Paper arXiv Video Code

staying on trail while avoiding uncertain objects such as tires

preference for smooth vegetation, without human labels

quick adaptation to novel terrain (cobblestone)

easy deployment on other robots

with one prior hand-label, our system running SALON learns from its own experience in the real-world to predict where and how fast to drive.

Overview

Robot autonomy in off-road environments presents a number of challenges that make it difficult to handcraft navigation heuristics that are robust to diverse scenarios. While learned methods using hand labels or self-supervised data improve generalizability, they often require a tremendous amount of data and can be vulnerable to domain shifts. To improve generalization in novel environments, recent works have incorporated adaptation and self-supervision to develop autonomous systems that can learn from their own experiences online. However, they often rely on significant prior data, for example minutes of human teleoperation data, which is difficult to scale to more environments and robots. To address these limitations, we propose SALON, a perception-action framework for fast adaptation of traversability estimates with minimal human input. SALON rapidly learns online from experience while avoiding out of distribution terrain to produce adaptive and risk-aware cost and speed maps. Within seconds of collected experience, our results demonstrate comparable navigation performance over kilometer-scale courses in diverse off-road terrain as methods trained on 100-1000x more data. We additionally show promising results on significantly different robots in different environments.
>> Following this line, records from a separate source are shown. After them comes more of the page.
(* Let $E\in\{E_0,E_{1728}\}$ and let $\varphi\in\operatorname{Aut}(E)$ with $\varphi\neq[\pm1]$. If $\theta\in\operatorname{End}(E)$ is non-zero and satisfies $\bar\varphi\theta=\theta\varphi$, then $\deg\theta\ge p$.
   Context: $E_0:y^2=x^3-1$ over $\overline{\mathbb{F}}_p$ with $p\equiv2\pmod3$, and $E_{1728}:y^2=x^3-x$ over $\overline{\mathbb{F}}_p$ with $p\equiv3\pmod4$ (so that the curve in question is supersingular). $\bar\varphi$ denotes the dual (conjugate) of $\varphi$, i.e. $\bar\varphi=\varphi^{-1}$. *)

theory Defs
  imports "HOL-Computational_Algebra.Computational_Algebra"
begin

datatype 'a ecpt = Infty | Pt 'a 'a

definition on_curve :: "'a::field \<Rightarrow> 'a \<Rightarrow> 'a ecpt \<Rightarrow> bool" where
  "on_curve a b P = (case P of Infty \<Rightarrow> True | Pt x y \<Rightarrow> y^2 = x^3 + a*x + b)"

definition ec_neg :: "'a::field ecpt \<Rightarrow> 'a ecpt" where
  "ec_neg P = (case P of Infty \<Rightarrow> Infty | Pt x y \<Rightarrow> Pt x (-y))"

(* chord-tangent group law (valid in characteristic <> 2) *)
fun ec_add :: "'a::field \<Rightarrow> 'a \<Rightarrow> 'a ecpt \<Rightarrow> 'a ecpt \<Rightarrow> 'a ecpt" where
  "ec_add a b Infty Q = Q"
| "ec_add a b (Pt x1 y1) Infty = Pt x1 y1"
| "ec_add a b (Pt x1 y1) (Pt x2 y2) =
     (if x1 = x2 then
        (if y1 = - y2 then Infty
         else (let l = (3 * x1^2 + a) / (2 * y1);
                   x3 = l^2 - 2 * x1
               in Pt x3 (l * (x1 - x3) - y1)))
      else (let l = (y2 - y1) / (x2 - x1);
                x3 = l^2 - x1 - x2
            in Pt x3 (l * (x1 - x3) - y1)))"

(* Standard form of an endomorphism (Washington, Elliptic Curves, Sect. 2.9):
   alpha(x,y) = (r1(x), y r2(x)) with r1 = p/q in lowest terms, r2 = u/v;
   alpha(x,y) = O exactly when q(x) = 0. *)
definition endo_rep :: "'a::field \<Rightarrow> 'a \<Rightarrow> ('a ecpt \<Rightarrow> 'a ecpt)
     \<Rightarrow> 'a poly \<Rightarrow> 'a poly \<Rightarrow> 'a poly \<Rightarrow> 'a poly \<Rightarrow> bool" where
  "endo_rep a b \<theta> p q u v \<longleftrightarrow> coprime p q \<and>
     (\<forall>x y. on_curve a b (Pt x y) \<longrightarrow>
        (poly q x \<noteq> 0 \<longrightarrow> poly v x \<noteq> 0) \<and>
        \<theta> (Pt x y) = (if poly q x = 0 then Infty
                      else Pt (poly p x / poly q x) (y * poly u x / poly v x)))"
VFMs + Proprioception + Smart Buffer Management = Fast Adaptation

Using visual foundation models (such as DINOv2) as feature extractors is key to our approach. By grounding their generalizable features with proprioceptive feedback, robots can quickly adapt their understanding of the world through their own experiences without a human in the loop.

Fast Adaptation Example

Example of SALON's fast adaptation: Within 10 seconds of experiencing grass for the first time, SALON is able to quickly differentiate key terrains, such as, ideal short grass, riskier vegetation and lethal trees.

Autonomy Results

We run our autonomy experiments on a Yamaha Viking All-Terrain Vehicle, with two courses shown below. Course 1 consists of waypoints spaced 50m apart, and Course 2 consists of waypoints with varying spacing up to 200m. The VLAD clusters used for feature generation were computed from sample images collected from the "training data" zone. For each run, the system is initialized with no prior environment interaction data, and a single high-cost tree label from the training data area.

SALON is able to not only avoid lethal vegetation but also distinguish fine-grained terrain properties. Rough gravel in the middle of the trail below is higher cost than the smoother areas around it.

Prediction of speedmaps allows the system to go faster where appropriate. As seen below, it is predicted that the robot can drive faster on trail than in grass.

We show our method on 5 laps of course 1 against 4 other baselines. With no prior experience except for one hand-label, it quickly adapts and by the second lap already demonstrates comparable performance to Velociraptor (the prior state of the art).

Robot+Sensor Generalizability

Evaluation on wheelchair in urban environment: After driving over rough cobblestone, the system quickly recognizes within 5 seconds that it is much rougher than the smooth sidewalk.

With the same amount of data as Wild Visual Navigation, our method is able to correctly cost lethal objects like trees and walls without incorrectly costing short grass. Like WVN, we leverage only use visual features, and geometric information is used only to place them in the map.